(* Let $\omega$ be a rectilinearly-convex obstacle that does not have a diagonal. If $\omega$ has a cross $X$, then $X$ is a minimum skeleton for $\omega$.
   Context: An obstacle $\omega$ is a simple polygon in $\mathbb{R}^2$ (a closed, bounded polygonal region without holes whose boundary does not intersect itself), assumed in general position (no three of its vertices are collinear); vertices and edges of $\omega$ are those of its boundary. $\omega$ is rectilinear if each edge is horizontal or vertical, and a rectilinear obstacle is rectilinearly-convex if any two points of $\omega$ can be joined by a shortest rectilinear path (made of horizontal and vertical segments, of minimum $\ell_1$ length) contained in $\omega$. A corner point of a rectilinear path is a point where a horizontal and a vertical segment of the path meet. A set $S$ of closed line segments is inside $\omega$ if the union of its elements is contained in $\omega$. Such an $S$ is a skeleton for $\omega$ if for every pair of points $p,q$ not in the interior of $\omega$ such that every shortest rectilinear path between $p$ and $q$ with at most one corner point meets the interior of $\omega$, each such path intersects some element of $S$; a minimum skeleton is one with the fewest segments. $B(\omega)$ is the smallest closed axis-parallel rectangle containing $\omega$; the extreme edges are the edges of $\omega$ lying on the boundary of $B(\omega)$ (exactly four: left, right, bottom, top); an extreme corner is a vertex of $\omega$ that is a common endpoint of two extreme edges. A diagonal of $\omega$ is a line segment contained in $\omega$ joining two diagonally opposite extreme corners. A cross of $\omega$ is a pair $\{s_H,s_V\}$ of line segments contained in $\omega$, where $s_H$ has one endpoint on each of the two horizontal extreme edges and $s_V$ has one endpoint on each of the two vertical extreme edges. *)

theory Defs
  imports "HOL-Analysis.Analysis"
begin

type_synonym pt = "real \<times> real"

definition nxt :: "pt list \<Rightarrow> nat \<Rightarrow> nat" where
  "nxt vs i = Suc i mod length vs"

definition edges :: "pt list \<Rightarrow> (pt \<times> pt) set" where
  "edges vs = {(vs ! i, vs ! nxt vs i) | i. i < length vs}"

definition seg :: "pt \<times> pt \<Rightarrow> pt set" where
  "seg e = closed_segment (fst e) (snd e)"

definition poly_boundary :: "pt list \<Rightarrow> pt set" where
  "poly_boundary vs = (\<Union>e\<in>edges vs. seg e)"

definition simple_polygon :: "pt list \<Rightarrow> bool" where
  "simple_polygon vs \<longleftrightarrow> length vs \<ge> 3 \<and> distinct vs \<and>
     (\<forall>i<length vs. \<forall>j<length vs. i \<noteq> j \<longrightarrow>
        (if j = nxt vs i then
           closed_segment (vs!i) (vs!nxt vs i) \<inter> closed_segment (vs!j) (vs!nxt vs j) = {vs!j}
         else if i = nxt vs j then
           closed_segment (vs!i) (vs!nxt vs i) \<inter> closed_segment (vs!j) (vs!nxt vs j) = {vs!i}
         else closed_segment (vs!i) (vs!nxt vs i) \<inter> closed_segment (vs!j) (vs!nxt vs j) = {}))"

definition region :: "pt list \<Rightarrow> pt set" where
  "region vs = poly_boundary vs \<union>
     {x. x \<notin> poly_boundary vs \<and> bounded (connected_component_set (- poly_boundary vs) x)}"

definition general_position :: "pt list \<Rightarrow> bool" where
  "general_position vs \<longleftrightarrow>
     (\<forall>a\<in>set vs. \<forall>b\<in>set vs. \<forall>c\<in>set vs. a \<noteq> b \<and> a \<noteq> c \<and> b \<noteq> c \<longrightarrow> \<not> collinear {a, b, c})"

definition rectilinear :: "pt list \<Rightarrow> bool" where
  "rectilinear vs \<longleftrightarrow> (\<forall>e\<in>edges vs. fst (fst e) = fst (snd e) \<or> snd (fst e) = snd (snd e))"

definition l1 :: "pt \<Rightarrow> pt \<Rightarrow> real" where
  "l1 a b = \<bar>fst a - fst b\<bar> + \<bar>snd a - snd b\<bar>"

definition rect_path :: "pt list \<Rightarrow> bool" where
  "rect_path ps \<longleftrightarrow> ps \<noteq> [] \<and>
     (\<forall>i. Suc i < length ps \<longrightarrow> ps!i \<noteq> ps!Suc i \<and>
        (fst (ps!i) = fst (ps!Suc i) \<or> snd (ps!i) = snd (ps!Suc i)))"

definition path_set :: "pt list \<Rightarrow> pt set" where
  "path_set ps = set ps \<union> (\<Union>i\<in>{i. Suc i < length ps}. closed_segment (ps!i) (ps!Suc i))"

definition path_len :: "pt list \<Rightarrow> real" where
  "path_len ps = (\<Sum>i\<in>{i. Suc i < length ps}. l1 (ps!i) (ps!Suc i))"

definition shortest_rect_path :: "pt \<Rightarrow> pt \<Rightarrow> pt list \<Rightarrow> bool" where
  "shortest_rect_path p q ps \<longleftrightarrow> rect_path ps \<and> hd ps = p \<and> last ps = q \<and>
     (\<forall>ps'. rect_path ps' \<and> hd ps' = p \<and> last ps' = q \<longrightarrow> path_len ps \<le> path_len ps')"

definition horiz :: "pt \<Rightarrow> pt \<Rightarrow> bool" where
  "horiz a b \<longleftrightarrow> a \<noteq> b \<and> snd a = snd b"

definition vert :: "pt \<Rightarrow> pt \<Rightarrow> bool" where
  "vert a b \<longleftrightarrow> a \<noteq> b \<and> fst a = fst b"

definition corners :: "pt list \<Rightarrow> pt set" where
  "corners ps = {ps!Suc i | i. Suc (Suc i) < length ps \<and>
      ((horiz (ps!i) (ps!Suc i) \<and> vert (ps!Suc i) (ps!Suc (Suc i))) \<or>
       (vert (ps!i) (ps!Suc i) \<and> horiz (ps!Suc i) (ps!Suc (Suc i))))}"

definition rect_convex :: "pt set \<Rightarrow> bool" where
  "rect_convex \<omega> \<longleftrightarrow> (\<forall>p\<in>\<omega>. \<forall>q\<in>\<omega>. \<exists>ps. shortest_rect_path p q ps \<and> path_set ps \<subseteq> \<omega>)"

definition is_segment :: "pt set \<Rightarrow> bool" where
  "is_segment s \<longleftrightarrow> (\<exists>a b. a \<noteq> b \<and> s = closed_segment a b)"

definition short1 :: "pt \<Rightarrow> pt \<Rightarrow> pt list \<Rightarrow> bool" where
  "short1 p q ps \<longleftrightarrow> shortest_rect_path p q ps \<and> card (corners ps) \<le> 1"

definition skeleton :: "pt set \<Rightarrow> pt set set \<Rightarrow> bool" where
  "skeleton \<omega> S \<longleftrightarrow> (\<forall>s\<in>S. is_segment s) \<and> \<Union>S \<subseteq> \<omega> \<and>
     (\<forall>p q. p \<notin> interior \<omega> \<and> q \<notin> interior \<omega> \<and>
        (\<forall>ps. short1 p q ps \<longrightarrow> path_set ps \<inter> interior \<omega> \<noteq> {}) \<longrightarrow>
        (\<forall>ps. short1 p q ps \<longrightarrow> (\<exists>s\<in>S. path_set ps \<inter> s \<noteq> {})))"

= = = = = = =

» WORK REQUEST
Recopy all of the records verbatim.

» ANSWER SPACE
(* Let $\omega$ be a rectilinearly-convex obstacle that does not have a diagonal. If $\omega$ has a cross $X$, then $X$ is a minimum skeleton for $\omega$.
   Context: An obstacle $\omega$ is a simple polygon in $\mathbb{R}^2$ (a closed, bounded polygonal region without holes whose boundary does not intersect itself), assumed in general position (no three of its vertices are collinear); vertices and edges of $\omega$ are those of its boundary. $\omega$ is rectilinear if each edge is horizontal or vertical, and a rectilinear obstacle is rectilinearly-convex if any two points of $\omega$ can be joined by a shortest rectilinear path (made of horizontal and vertical segments, of minimum $\ell_1$ length) contained in $\omega$. A corner point of a rectilinear path is a point where a horizontal and a vertical segment of the path meet. A set $S$ of closed line segments is inside $\omega$ if the union of its elements is contained in $\omega$. Such an $S$ is a skeleton for $\omega$ if for every pair of points $p,q$ not in the interior of $\omega$ such that every shortest rectilinear path between $p$ and $q$ with at most one corner point meets the interior of $\omega$, each such path intersects some element of $S$; a minimum skeleton is one with the fewest segments. $B(\omega)$ is the smallest closed axis-parallel rectangle containing $\omega$; the extreme edges are the edges of $\omega$ lying on the boundary of $B(\omega)$ (exactly four: left, right, bottom, top); an extreme corner is a vertex of $\omega$ that is a common endpoint of two extreme edges. A diagonal of $\omega$ is a line segment contained in $\omega$ joining two diagonally opposite extreme corners. A cross of $\omega$ is a pair $\{s_H,s_V\}$ of line segments contained in $\omega$, where $s_H$ has one endpoint on each of the two horizontal extreme edges and $s_V$ has one endpoint on each of the two vertical extreme edges. *)

theory Defs
  imports "HOL-Analysis.Analysis"
begin

type_synonym pt = "real \<times> real"

definition nxt :: "pt list \<Rightarrow> nat \<Rightarrow> nat" where
  "nxt vs i = Suc i mod length vs"

definition edges :: "pt list \<Rightarrow> (pt \<times> pt) set" where
  "edges vs = {(vs ! i, vs ! nxt vs i) | i. i < length vs}"

definition seg :: "pt \<times> pt \<Rightarrow> pt set" where
  "seg e = closed_segment (fst e) (snd e)"

definition poly_boundary :: "pt list \<Rightarrow> pt set" where
  "poly_boundary vs = (\<Union>e\<in>edges vs. seg e)"

definition simple_polygon :: "pt list \<Rightarrow> bool" where
  "simple_polygon vs \<longleftrightarrow> length vs \<ge> 3 \<and> distinct vs \<and>
     (\<forall>i<length vs. \<forall>j<length vs. i \<noteq> j \<longrightarrow>
        (if j = nxt vs i then
           closed_segment (vs!i) (vs!nxt vs i) \<inter> closed_segment (vs!j) (vs!nxt vs j) = {vs!j}
         else if i = nxt vs j then
           closed_segment (vs!i) (vs!nxt vs i) \<inter> closed_segment (vs!j) (vs!nxt vs j) = {vs!i}
         else closed_segment (vs!i) (vs!nxt vs i) \<inter> closed_segment (vs!j) (vs!nxt vs j) = {}))"

definition region :: "pt list \<Rightarrow> pt set" where
  "region vs = poly_boundary vs \<union>
     {x. x \<notin> poly_boundary vs \<and> bounded (connected_component_set (- poly_boundary vs) x)}"

definition general_position :: "pt list \<Rightarrow> bool" where
  "general_position vs \<longleftrightarrow>
     (\<forall>a\<in>set vs. \<forall>b\<in>set vs. \<forall>c\<in>set vs. a \<noteq> b \<and> a \<noteq> c \<and> b \<noteq> c \<longrightarrow> \<not> collinear {a, b, c})"

definition rectilinear :: "pt list \<Rightarrow> bool" where
  "rectilinear vs \<longleftrightarrow> (\<forall>e\<in>edges vs. fst (fst e) = fst (snd e) \<or> snd (fst e) = snd (snd e))"

definition l1 :: "pt \<Rightarrow> pt \<Rightarrow> real" where
  "l1 a b = \<bar>fst a - fst b\<bar> + \<bar>snd a - snd b\<bar>"

definition rect_path :: "pt list \<Rightarrow> bool" where
  "rect_path ps \<longleftrightarrow> ps \<noteq> [] \<and>
     (\<forall>i. Suc i < length ps \<longrightarrow> ps!i \<noteq> ps!Suc i \<and>
        (fst (ps!i) = fst (ps!Suc i) \<or> snd (ps!i) = snd (ps!Suc i)))"

definition path_set :: "pt list \<Rightarrow> pt set" where
  "path_set ps = set ps \<union> (\<Union>i\<in>{i. Suc i < length ps}. closed_segment (ps!i) (ps!Suc i))"

definition path_len :: "pt list \<Rightarrow> real" where
  "path_len ps = (\<Sum>i\<in>{i. Suc i < length ps}. l1 (ps!i) (ps!Suc i))"

definition shortest_rect_path :: "pt \<Rightarrow> pt \<Rightarrow> pt list \<Rightarrow> bool" where
  "shortest_rect_path p q ps \<longleftrightarrow> rect_path ps \<and> hd ps = p \<and> last ps = q \<and>
     (\<forall>ps'. rect_path ps' \<and> hd ps' = p \<and> last ps' = q \<longrightarrow> path_len ps \<le> path_len ps')"

definition horiz :: "pt \<Rightarrow> pt \<Rightarrow> bool" where
  "horiz a b \<longleftrightarrow> a \<noteq> b \<and> snd a = snd b"

definition vert :: "pt \<Rightarrow> pt \<Rightarrow> bool" where
  "vert a b \<longleftrightarrow> a \<noteq> b \<and> fst a = fst b"

definition corners :: "pt list \<Rightarrow> pt set" where
  "corners ps = {ps!Suc i | i. Suc (Suc i) < length ps \<and>
      ((horiz (ps!i) (ps!Suc i) \<and> vert (ps!Suc i) (ps!Suc (Suc i))) \<or>
       (vert (ps!i) (ps!Suc i) \<and> horiz (ps!Suc i) (ps!Suc (Suc i))))}"

definition rect_convex :: "pt set \<Rightarrow> bool" where
  "rect_convex \<omega> \<longleftrightarrow> (\<forall>p\<in>\<omega>. \<forall>q\<in>\<omega>. \<exists>ps. shortest_rect_path p q ps \<and> path_set ps \<subseteq> \<omega>)"

definition is_segment :: "pt set \<Rightarrow> bool" where
  "is_segment s \<longleftrightarrow> (\<exists>a b. a \<noteq> b \<and> s = closed_segment a b)"

definition short1 :: "pt \<Rightarrow> pt \<Rightarrow> pt list \<Rightarrow> bool" where
  "short1 p q ps \<longleftrightarrow> shortest_rect_path p q ps \<and> card (corners ps) \<le> 1"

definition skeleton :: "pt set \<Rightarrow> pt set set \<Rightarrow> bool" where
  "skeleton \<omega> S \<longleftrightarrow> (\<forall>s\<in>S. is_segment s) \<and> \<Union>S \<subseteq> \<omega> \<and>
     (\<forall>p q. p \<notin> interior \<omega> \<and> q \<notin> interior \<omega> \<and>
        (\<forall>ps. short1 p q ps \<longrightarrow> path_set ps \<inter> interior \<omega> \<noteq> {}) \<longrightarrow>
        (\<forall>ps. short1 p q ps \<longrightarrow> (\<exists>s\<in>S. path_set ps \<inter> s \<noteq> {})))"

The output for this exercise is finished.